Next, an opening 222 is formed in a portion of the protective insulating film 211, which overlaps with the conductive film 210, by a photolithography method or the like using a fourth mask. For the patterning of the protective insulating film 211, dry etching or wet etching may be used.

In the case where a driver circuit portion such as a gate line driver circuit is provided parallel to the pixel portion over the substrate 200, it is necessary to connect a wiring 212 which is on the same layer as the gate line 202 over the substrate 200 to a wiring 218 which is on the same layer as the source line 208a over the gate insulating film 205 as illustrated in FIG. 15.

In that case, at the same time as the formation of the opening 222, an opening 224 may be formed in portions of the gate insulating film 205 and the protective insulating film 211, which overlap with the wiring 212, and an opening 226 may be formed in a portion of the protective insulating film 211, which overlap with the wiring 218. In this manner, the openings 222, 224, and 226 can be formed using one mask.

Next, a conductive film formed using a light-transmitting conductive material which can be used for the pixel electrode 105 is formed over the protective insulating film 211. Here, the conductive film can be formed by an evaporation method, a sputtering method, a CVD method, an MBE method, an ALD method, a PLD method, or the like.

Next, the conductive film is selectively patterned by a photolithography method using a fifth mask, so that the pixel electrode 105 is formed (see FIG. 14B).
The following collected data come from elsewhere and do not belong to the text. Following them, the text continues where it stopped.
lemma completion_emb_Some_unit:
  assumes pq: "quot_of_fract f = (p, q)" and unit: "is_unit_at (completion_emb (Some b) f)"
  shows "poly p b \<noteq> 0" "poly q b \<noteq> 0" "completion_emb (Some b) f $$ 0 = poly p b / poly q b"
proof -
  have "coprime p q"
    using quot_of_fract_in_normalized_fracts[of f] pq by (simp add: normalized_fracts_def)
  then have "poly_emb (Some b) p $$ 0 \<noteq> 0 \<or> poly_emb (Some b) q $$ 0 \<noteq> 0"
    using coprime_poly_0 by (simp add: poly_emb_Some_nth_0)
  from is_unit_at_divide[OF poly_emb_Some_nth_neg poly_emb_Some_nth_neg this]
  show "poly p b \<noteq> 0" "poly q b \<noteq> 0" "completion_emb (Some b) f $$ 0 = poly p b / poly q b"
    using unit pq by (simp_all add: completion_emb_def poly_emb_Some_nth_0)
qed

lemma fls_nth_eq_if_dist_less_1:
  fixes x y :: "'a::group_add fls"
  assumes "dist x y < 1" "k \<le> 0"
  shows "x $$ k = y $$ k"
proof (cases "x = y")
  case False
  have "0 < fls_subdegree (x - y)"
  proof (rule ccontr)
    assume "\<not> 0 < fls_subdegree (x - y)"
    then have "1 \<le> dist x y"
      using False by (cases "fls_subdegree (x - y) = 0") (auto simp: dist_fls_def)
    then show False using assms(1) by simp
  qed
  then have "(x - y) $$ k = 0"
    using assms(2) by (intro fls_eq0_below_subdegree) simp
  then show ?thesis by simp
qed simp

lemma is_unit_at_if_dist_less_1:
  assumes "is_unit_at c" "dist c y < 1"
  shows "is_unit_at y" "y $$ 0 = c $$ 0"
  using assms fls_nth_eq_if_dist_less_1[OF assms(2)] by (auto simp: is_unit_at_iff_nth)

lemma proj_away_in_ideles_if_units:
  assumes "\<And>P. is_unit_at (x P)"
  shows "proj_away S x \<in> ideles S"
  using assms by (simp add: ideles_def proj_away_def is_unit_at_def)

lemma strong_approx_Gm_unit_approx:
  assumes sa: "strong_approx_Gm S" and T: "finite T" "T \<inter> S = {}"
    and x_units: "\<And>P. is_unit_at (x P)"
  obtains f where "f \<noteq> 0" "\<And>P. P \<notin> S \<Longrightarrow> is_unit_at (completion_emb P f)"
    "\<And>P. P \<in> T \<Longrightarrow> completion_emb P f $$ 0 = x P $$ 0"
proof -
  define B where "B = {y \<in> ideles S. (\<forall>P\<in>T. y P \<in> ball (x P) 1) \<and>
                        (\<forall>P. P \<notin> S \<and> P \<notin> T \<longrightarrow> is_unit_at (y P))}"
  have "0 \<notin> ball (x P) 1" for P
    using is_unit_at_if_dist_less_1(1)[OF x_units] by (auto simp: is_unit_at_def)
  then have "B \<in> idele_basis S"
    unfolding idele_basis_def B_def using T
    by (intro CollectI exI[of _ T] exI[of _ "\<lambda>P. ball (x P) 1"]) (auto simp: mem_ball)
  then have B_open: "openin (idele_top S) B"
    unfolding idele_top_def by (rule topology_generated_by_Basis)
  have "proj_away S x \<in> B"
    using proj_away_in_ideles_if_units[OF x_units] x_units T(2)
    by (auto simp: B_def proj_away_def)
  moreover have "proj_away S x \<in> (idele_top S) closure_of (diag S ` {f. f \<noteq> 0})"
    using sa proj_away_in_ideles_if_units[OF x_units, of "{}"]
    by (auto simp: strong_approx_Gm_def proj_away_def)
  ultimately obtain f where "f \<noteq> 0" and f_in_B: "diag S f \<in> B"
    using B_open unfolding in_closure_of by blast
  show thesis
  proof
    show "f \<noteq> 0" by fact
    fix P assume "P \<notin> S"
    with f_in_B have "P \<in> T \<Longrightarrow> dist (x P) (completion_emb P f) < 1"
      and "P \<notin> T \<Longrightarrow> is_unit_at (completion_emb P f)"
      by (auto simp: B_def diag_def)
    then show "is_unit_at (completion_emb P f)"
      using is_unit_at_if_dist_less_1(1)[OF x_units] by blast
  next
    fix P assume "P \<in> T"
    moreover from this T(2) have "P \<notin> S" by blast
    ultimately have "dist (x P) (completion_emb P f) < 1"
      using f_in_B by (auto simp: B_def diag_def)
    then show "completion_emb P f $$ 0 = x P $$ 0"
      by (rule is_unit_at_if_dist_less_1(2)[OF x_units])
  qed
qed

lemma poly_eq_lead_coeff_prod_roots:
  fixes p :: "complex poly"
  assumes "p \<noteq> 0" "finite A" "\<And>z. poly p z = 0 \<Longrightarrow> z \<in> A"
  shows "poly p b = lead_coeff p * (\<Prod>z\<in>A. (b - z) ^ order z p)"
proof -
  have "poly p b = lead_coeff p * (\<Prod>z | poly p z = 0. (b - z) ^ order z p)"
    by (subst complex_poly_decompose[symmetric, of p]) (simp add: poly_prod)
  also have "(\<Prod>z | poly p z = 0. (b - z) ^ order z p) = (\<Prod>z\<in>A. (b - z) ^ order z p)"
  proof (rule prod.mono_neutral_left)
    show "\<forall>z\<in>A - {z. poly p z = 0}. (b - z) ^ order z p = 1"
      using order_root[of p] assms(1) by auto
  qed (use assms poly_roots_finite in auto)
  finally show ?thesis .
qed

definition poly_value_ratios :: "complex set \<Rightarrow> complex \<Rightarrow> complex \<Rightarrow> complex set" where
  "poly_value_ratios A b\<^sub>0 b\<^sub>1 = {poly p b\<^sub>1 / poly p b\<^sub>0 | p. \<forall>b. b \<notin> A \<longrightarrow> poly p b \<noteq> 0}"

lemma countable_poly_value_ratios:
  assumes "finite A"
  shows "countable (poly_value_ratios A b\<^sub>0 b\<^sub>1)"
proof -
  have "poly_value_ratios A b\<^sub>0 b\<^sub>1 \<subseteq>
          (\<lambda>n. \<Prod>z\<in>A. ((b\<^sub>1 - z) / (b\<^sub>0 - z)) ^ n z) ` PiE A (\<lambda>_. UNIV)"
  proof
    fix r assume "r \<in> poly_value_ratios A b\<^sub>0 b\<^sub>1"
    then obtain p where r: "r = poly p b\<^sub>1 / poly p b\<^sub>0" and roots: "\<And>b. b \<notin> A \<Longrightarrow> poly p b \<noteq> 0"
      by (auto simp: poly_value_ratios_def)
    have "p \<noteq> 0"
      using roots ex_new_if_finite[OF infinite_UNIV_char_0 assms] by auto
    moreover have "\<And>z. poly p z = 0 \<Longrightarrow> z \<in> A"
      using roots by blast
    ultimately have "r = (\<Prod>z\<in>A. (b\<^sub>1 - z) ^ order z p) / (\<Prod>z\<in>A. (b\<^sub>0 - z) ^ order z p)"
      using r by (simp add: poly_eq_lead_coeff_prod_roots[OF _ assms])
    also have "\<dots> = (\<Prod>z\<in>A. ((b\<^sub>1 - z) / (b\<^sub>0 - z)) ^ restrict (\<lambda>z. order z p) A z)"
      by (simp add: prod_dividef power_divide)
    finally show "r \<in> (\<lambda>n. \<Prod>z\<in>A. ((b\<^sub>1 - z) / (b\<^sub>0 - z)) ^ n z) ` PiE A (\<lambda>_. UNIV)"
      by (rule image_eqI[of _ _ "restrict (\<lambda>z. order z p) A"]) auto
  qed
  moreover have "countable (PiE A (\<lambda>_. UNIV :: nat set))"
    using assms by (simp add: countable_PiE)
  ultimately show ?thesis
    by (blast intro: countable_subset countable_image)
qed

lemma completion_emb_value_in_poly_value_ratios:
  assumes units: "\<And>b. b \<notin> A \<Longrightarrow> is_unit_at (completion_emb (Some b) f)"
    and "b\<^sub>0 \<notin> A" "b\<^sub>1 \<notin> A" and f_b\<^sub>0: "completion_emb (Some b\<^sub>0) f $$ 0 = 1"
  shows "completion_emb (Some b\<^sub>1) f $$ 0 \<in>
           (\<lambda>(u, v). u / v) ` (poly_value_ratios A b\<^sub>0 b\<^sub>1 \<times> poly_value_ratios A b\<^sub>0 b\<^sub>1)"
proof -
  obtain p q where pq: "quot_of_fract f = (p, q)"
    by (cases "quot_of_fract f")
  note f_at = completion_emb_Some_unit[OF pq units]
  have "completion_emb (Some b\<^sub>1) f $$ 0 = (poly p b\<^sub>1 / poly p b\<^sub>0) / (poly q b\<^sub>1 / poly q b\<^sub>0)"
    using f_b\<^sub>0 f_at[OF \<open>b\<^sub>0 \<notin> A\<close>] f_at[OF \<open>b\<^sub>1 \<notin> A\<close>] by (simp add: field_simps)
  moreover have "poly p b\<^sub>1 / poly p b\<^sub>0 \<in> poly_value_ratios A b\<^sub>0 b\<^sub>1"
    "poly q b\<^sub>1 / poly q b\<^sub>0 \<in> poly_value_ratios A b\<^sub>0 b\<^sub>1"
    using f_at(1,2) by (auto simp: poly_value_ratios_def)
  ultimately show ?thesis
    by (force intro: image_eqI[of _ _ "(poly p b\<^sub>1 / poly p b\<^sub>0, poly q b\<^sub>1 / poly q b\<^sub>0)"])
qed

theorem proposition4p1:
  fixes S :: "complex option set"
  assumes "finite S"
  shows "\<not> strong_approx_Gm S"
proof
  assume sa: "strong_approx_Gm S"
  define A where "A = Some -` S"
  have "finite A" unfolding A_def using assms by (simp add: finite_vimageI)
  then obtain b\<^sub>0 b\<^sub>1 where b\<^sub>0: "b\<^sub>0 \<notin> A" and b\<^sub>1: "b\<^sub>1 \<notin> A" "b\<^sub>1 \<noteq> b\<^sub>0"
    by (metis ex_new_if_finite finite_insert infinite_UNIV_char_0 insertCI)
  define R where "R = (\<lambda>(u, v). u / v) ` (poly_value_ratios A b\<^sub>0 b\<^sub>1 \<times> poly_value_ratios A b\<^sub>0 b\<^sub>1)"
  have "countable (insert 0 R)"
    unfolding R_def using countable_poly_value_ratios[OF \<open>finite A\<close>] by auto
  then obtain c :: complex where c: "c \<notin> insert 0 R"
    using uncountable_UNIV_complex by (metis UNIV_eq_I)
  define x where "x = (\<lambda>P. if P = Some b\<^sub>1 then fls_const c else 1)"
  have x_units: "\<And>P. is_unit_at (x P)"
    using c by (simp add: x_def is_unit_at_def)
  have T: "finite {Some b\<^sub>0, Some b\<^sub>1}" "{Some b\<^sub>0, Some b\<^sub>1} \<inter> S = {}"
    using b\<^sub>0 b\<^sub>1 by (auto simp: A_def)
  obtain f where "f \<noteq> 0" and f_units: "\<And>P. P \<notin> S \<Longrightarrow> is_unit_at (completion_emb P f)"
    and f_approx: "\<And>P. P \<in> {Some b\<^sub>0, Some b\<^sub>1} \<Longrightarrow> completion_emb P f $$ 0 = x P $$ 0"
    by (rule strong_approx_Gm_unit_approx[where x = x, OF sa T x_units]) blast
  have "completion_emb (Some b\<^sub>1) f $$ 0 \<in> R"
    unfolding R_def using f_units f_approx b\<^sub>0 b\<^sub>1
    by (intro completion_emb_value_in_poly_value_ratios) (simp_all add: A_def x_def)
  with f_approx c show False
    by (simp add: x_def)
qed

end
(* (1) If $t_1 : X_1 \to X'_1$ with proof label $\theta_1$ and $t_2 : X_2\to X'_2$ with proof label $\theta_2$ are connected CCSK$^{\mathrm P}$ transitions (each forward or backward), then $\theta_1\frown\theta_2$. (2) If $\theta_1\frown\theta_2$, then there exist CCSK$^{\mathrm P}$ transitions $t_1: X_1\to X'_1$ with proof label $\theta_1$ and $t_2: X_2\to X'_2$ with proof label $\theta_2$ (each forward or backward) such that $t_1$ and $t_2$ are connected.
   Context: Names $\mathsf N$ with a bijection $\overline{\cdot}$ onto disjoint co-names $\overline{\mathsf N}$; labels $\mathsf L=\mathsf N\cup\overline{\mathsf N}\cup\{\tau\}$ ($\alpha$ ranges over $\mathsf L$, $\lambda$ over $\mathsf L\setminus\{\tau\}$, $\overline\tau=\tau$); $\mathsf K$ a denumerable set of keys. CCSK processes: $X,Y::=\mathbf 0\mid\alpha.X\mid X\backslash\lambda\mid X+Y\mid X|Y\mid\alpha[k].X$; $\mathrm{keys}(X)$ is the set of keys occurring in $X$; $X$ is standard if $\mathrm{keys}(X)=\emptyset$. Directions $D\in\{\mathrm L,\mathrm R\}$, $\bar{\mathrm L}=\mathrm R$, $\bar{\mathrm R}=\mathrm L$. Proof keyed labels: $\theta::=\upsilon\,\alpha[k]\mid\upsilon\langle\upsilon_1\lambda[k],\upsilon_2\overline\lambda[k]\rangle$ with $\upsilon,\upsilon_1,\upsilon_2\in\{|_{\mathrm L},|_{\mathrm R},+_{\mathrm L},+_{\mathrm R}\}^*$; $\ell(\upsilon\alpha[k])=\alpha$, $\ell(\upsilon\langle\cdots\rangle)=\tau$, $\mathrm{key}(\theta)=k$. Forward transitions $X\xrightarrow{\theta}X'$ of CCSK$^{\mathrm P}$ form the least relation closed under: (act) $\alpha.X\xrightarrow{\alpha[k]}\alpha[k].X$ for any $k$, if $\mathrm{keys}(X)=\emptyset$; (pre) if $X\xrightarrow\theta X'$ and $\mathrm{key}(\theta)\ne k$ then $\alpha[k].X\xrightarrow\theta\alpha[k].X'$; (res) if $X\xrightarrow\theta X'$ and $\ell(\theta)\notin\{\lambda,\overline\lambda\}$ then $X\backslash\lambda\xrightarrow\theta X'\backslash\lambda$; (par) if $X\xrightarrow\theta X'$ and $\mathrm{key}(\theta)\notin\mathrm{keys}(Y)$ then $X|Y\xrightarrow{|_{\mathrm L}\theta}X'|Y$ and $Y|X\xrightarrow{|_{\mathrm R}\theta}Y|X'$; (syn) if $X\xrightarrow{\upsilon_1\lambda[k]}X'$ and $Y\xrightarrow{\upsilon_2\overline\lambda[k]}Y'$ then $X|Y\xrightarrow{\langle\upsilon_1\lambda[k],\upsilon_2\overline\lambda[k]\rangle}X'|Y'$; (sum) if $X\xrightarrow\theta X'$ and $\mathrm{keys}(Y)=\emptyset$ then $X+Y\xrightarrow{+_{\mathrm L}\theta}X'+Y$ and $Y+X\xrightarrow{+_{\mathrm R}\theta}Y+X'$. Backward transitions are the converse: a backward transition from $Y$ to $X$ with label $\theta$ exists iff $X\xrightarrow\theta Y$. A transition has a source, target and proof label; a path is a finite sequence of (forward or backward) transitions each of whose target is the source of the next. A process is reachable if there is a path from a standard process to it; only reachable processes are considered. Transitions $t_1,t_2$ are connected if there is a path from the source of one to the target of the other. Connectivity $\frown$ on proof keyed labels is the least relation closed under (a label "is a prefix" if it has the form $\beta[k']$; $\theta_{\mathrm L},\theta_{\mathrm R}$ are the components of a synchronisation label): (A1) $\alpha[k]\frown\theta$; (A2) $\theta\frown\alpha[k]$ if $\theta$ is not a prefix; (P1) $|_D\theta\frown|_D\theta'$ if $\theta\frown\theta'$; (P2) $|_D\theta\frown|_{\bar D}\theta'$; (C1) $+_D\theta\frown+_D\theta'$ if $\theta\frown\theta'$; (C2) $+_D\theta\frown+_{\bar D}\theta'$; (S1) $|_D\theta\frown\langle\theta_{\mathrm L},\theta_{\mathrm R}\rangle$ if $\theta\frown\theta_D$; (S2) $\langle\theta_{\mathrm L},\theta_{\mathrm R}\rangle\frown|_D\theta$ if $\theta_D\frown\theta$; (S3) $\langle\theta_1,\theta_2\rangle\frown\langle\theta'_1,\theta'_2\rangle$ if $\theta_1\frown\theta'_1$ and $\theta_2\frown\theta'_2$. *)

theory Defs
  imports Main
begin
The pixel electrode 105 is connected to the conductive film 210 through the opening 222. For the patterning of the conductive film, dry etching or wet etching may be used.

Here, as described above, in order to make the capacitance value of the first parasitic capacitance 106a and the capacitance value of the second parasitic capacitance 106b approximately the same, the pixel electrode 105 preferably has a planar shape which is almost symmetrical about a bisector L1-L2 of the source line 208a and the source line 208b. The pixel electrode 105 is patterned so that the difference between the distance d1 and the distance d2 is greater than or equal to −10% and smaller than or equal to 10%, preferably greater than or equal to −5% and smaller than or equal to 5% .

Further, at the same time as the formation of the pixel electrode 105, a conductive film 215 which connects the wiring 212 to the wiring 218 is also formed as illustrated in FIG. 15. Accordingly, the pixel portion and at least parts of the driver circuit portion of the liquid crystal display device can be formed over the substrate 200 at the same time using a small number of masks such as five masks. Thus, the manufacturing process of the liquid crystal display device can be simplified, so that the manufacturing costs can be reduced.

The wiring 212 and the wiring 218 are not necessarily connected through the conductive film 215. For example, after the step illustrated in FIG. 13A, an opening corresponding to the opening 224 is formed in the gate insulating film 205 so as to overlap with the wiring 212, and the wiring 212 may be directly connected to the wiring 218 through the opening.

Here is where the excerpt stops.